I have read the article "Meeting Learners' Academic Needs'' by Reilly (2001). As we all know, we, teachers, do wish to meet our students' learning needs, to increase their motivation, and to decrease their misbehavior.

 

The most significant thing I learned from the article is that students come to school with different learning needs and those needs must be met accordingly. It is important that teachers create a positive classroom environment so that student can share their ideas freely and safely. Moreover, their ideas should be given a sympathetic ear to things they are sharing with the class. That will show them that their ideas matter in their learning community. Additionally, giving feedback must be done carefully.

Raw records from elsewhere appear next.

(* Let $n\in\mathbb{N}$. If a finite set $X\subseteq\mathbb{N}$ is $\omega^{36n}$-large and exp-sparse, then it is $\mathrm{EM}$-$\omega^n$-large: for every colouring $P:[X]^2\to2$ there exists an $\omega^n$-large $Y\subseteq X$ such that $P$ is transitive on $[Y]^2$.
   Context: Ordinals below $\omega^\omega$ are in Cantor normal form; $\omega^j\cdot m$ = sum of $m$ copies of $\omega^j$. For $m\in\mathbb{N}$: $0[m]=0$, $(\beta+1)[m]=\beta$, $(\beta+\omega^{n})[m]=\beta+\omega^{n-1}\cdot m$ for $n\ge1$. A finite $X=\{x_0<\dots<x_{\ell-1}\}\subseteq\mathbb{N}$ is $\alpha$-large if $\alpha[x_0]\cdots[x_{\ell-1}]=0$. A set $X$ with $\min X\ge3$ is exp-sparse if $x<y$ in $X$ implies $4^x<y$. Pairs in $[Y]^2$ are ordered pairs $(x,y)$ with $x<y$; $P$ is transitive on $[Y]^2$ if both $\{(x,y):P(x,y)=0\}$ and $\{(x,y):P(x,y)=1\}$ restricted to $Y$ are transitive relations, i.e. for $x<y<z$ in $Y$, $P(x,y)=P(y,z)$ implies $P(x,z)=P(x,y)$. *)

theory Defs
  imports Main
begin

text \<open>Ordinals below omega^omega in Cantor normal form
  omega^(e_1) + ... + omega^(e_k), e_1 >= ... >= e_k, are represented by the
  list [e_1, ..., e_k] of exponents (the empty list is 0).\<close>
type_synonym cnf = "nat list"

definition omega_pow :: "nat \<Rightarrow> cnf" where
  "omega_pow j = [j]"

text \<open>Fundamental sequence step alpha[m]:
  0[m] = 0, (beta+1)[m] = beta, (beta+omega^n)[m] = beta + omega^(n-1) * m.\<close>
definition fund :: "cnf \<Rightarrow> nat \<Rightarrow> cnf" where
  "fund \<alpha> m =
     (if \<alpha> = [] then []
      else if last \<alpha> = 0 then butlast \<alpha>
      else butlast \<alpha> @ replicate m (last \<alpha> - 1))"
section \<open>Homogeneous polynomials with nonnegative coefficients\<close>

lemma finite_multi_idx: "finite (multi_idx n N)"
proof -
  have "multi_idx n N \<subseteq> (\<lambda>f i. if i < n then f i else 0) ` (PiE {..<n} (\<lambda>_. {..N}))"
  proof
    fix \<alpha> assume "\<alpha> \<in> multi_idx n N"
    then have \<alpha>: "\<forall>i\<ge>n. \<alpha> i = 0" "(\<Sum>i<n. \<alpha> i) = N" unfolding multi_idx_def by auto
    have "\<alpha> i \<le> N" if "i < n" for i using \<alpha>(2) member_le_sum[of i "{..<n}" \<alpha>] that by auto
    then have "restrict \<alpha> {..<n} \<in> PiE {..<n} (\<lambda>_. {..N})" by auto
    moreover have "\<alpha> = (\<lambda>i. if i < n then restrict \<alpha> {..<n} i else 0)"
      using \<alpha>(1) by (auto simp: fun_eq_iff)
    ultimately show "\<alpha> \<in> (\<lambda>f i. if i < n then f i else 0) ` (PiE {..<n} (\<lambda>_. {..N}))"
      by (intro image_eqI)
  qed
  then show ?thesis by (rule finite_subset) (intro finite_imageI finite_PiE; simp)
qed

lemma hpoly_eval_ones: "hpoly_eval n N c (\<lambda>i. 1) = (\<Sum>\<alpha>\<in>multi_idx n N. c \<alpha>)"
  unfolding hpoly_eval_def by simp

lemma has_real_derivative_hpoly_eval_ones:
  assumes "j < n"
  shows "((\<lambda>t. hpoly_eval n N c (\<lambda>i. 1 + (if i = j then t else 0))) has_real_derivative
           (\<Sum>\<alpha>\<in>multi_idx n N. c \<alpha> * real (\<alpha> j))) (at 0)"
proof -
  have "(\<Prod>i<n. (1 + (if i = j then t else 0)) ^ \<alpha> i) = (1 + t) ^ \<alpha> j" for t :: real and \<alpha>
  proof -
    have "(\<Prod>i<n. (1 + (if i = j then t else 0)) ^ \<alpha> i) = (\<Prod>i<n. if i = j then (1 + t) ^ \<alpha> i else 1)"
      by (intro prod.cong) auto
    then show ?thesis using assms by simp
  qed
  then have "hpoly_eval n N c (\<lambda>i. 1 + (if i = j then t else 0)) =
             (\<Sum>\<alpha>\<in>multi_idx n N. c \<alpha> * (1 + t) ^ \<alpha> j)" for t
    unfolding hpoly_eval_def by simp
  moreover have "((\<lambda>t. \<Sum>\<alpha>\<in>multi_idx n N. c \<alpha> * (1 + t) ^ \<alpha> j) has_real_derivative
      (\<Sum>\<alpha>\<in>multi_idx n N. c \<alpha> * (real (\<alpha> j) * (1 + 0) ^ (\<alpha> j - 1)))) (at 0)"
    by (intro DERIV_sum DERIV_cmult) (auto intro!: derivative_eq_intros)
  ultimately show ?thesis by simp
qed

lemma euler_identity_hpoly_ones:
  "(\<Sum>j<n. \<Sum>\<alpha>\<in>multi_idx n N. c \<alpha> * real (\<alpha> j)) = real N * (\<Sum>\<alpha>\<in>multi_idx n N. c \<alpha>)"
proof -
  have "(\<Sum>j<n. \<Sum>\<alpha>\<in>multi_idx n N. c \<alpha> * real (\<alpha> j)) =
        (\<Sum>\<alpha>\<in>multi_idx n N. c \<alpha> * real (\<Sum>j<n. \<alpha> j))"
    by (subst sum.swap) (simp add: sum_distrib_left)
  also have "\<dots> = (\<Sum>\<alpha>\<in>multi_idx n N. c \<alpha> * real N)"
    by (intro sum.cong refl) (simp add: multi_idx_def)
  finally show ?thesis by (simp add: sum_distrib_left mult.commute)
qed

Reading through this article, I can see that students’ needs are various but quite specific and reasonable. If a teacher knows how to and tries his/her best to meet those needs or as many of those as possible, he/she can motivate his/her students to learn more and get them engaged in class more resulting in their reduced mischievousness.  As a result, the most important thing that I learn from this article is that meeting learners’ needs as many as possible is the key to the success of a class, and that I didn’t pay much attention to determining and satisfying my students’ requirements but just focused on trying to cover all the items in the syllabus without considering if and how much they could perceive from the lesson. I have missed a lot of opportunities to understand, accompany and support my students in the right way.

 

In order to turn what seems quite negative happening in my class into the more positive, I will spend more time identifying my students’ specific needs, talking and listening to them for more understanding of their learning goals, helping them work out the learning process, encouraging them to get involved in class activities with active engagement, motivating and making them feel comfortable and confident to practice and perform in class. I will also frequently give my specific, realistic, appropriate and private feedback to my students for their correction and improvement. And of course, I will ask my students to comment my teaching activities so that I can timely adjust and appropriately adapt the teaching items to meet their requirement.

I found five tips of giving feedback necessary and I will try to apply in my real classroom: relate feedback to the goals, note-taking of serious mistakes of accuracy, show students that their learning really matters to us and that is a reason we give them feedback, we are not omniscient, and asking students to give us back feedback. In fact, all of these tips can be applied both face-to-face and virtually.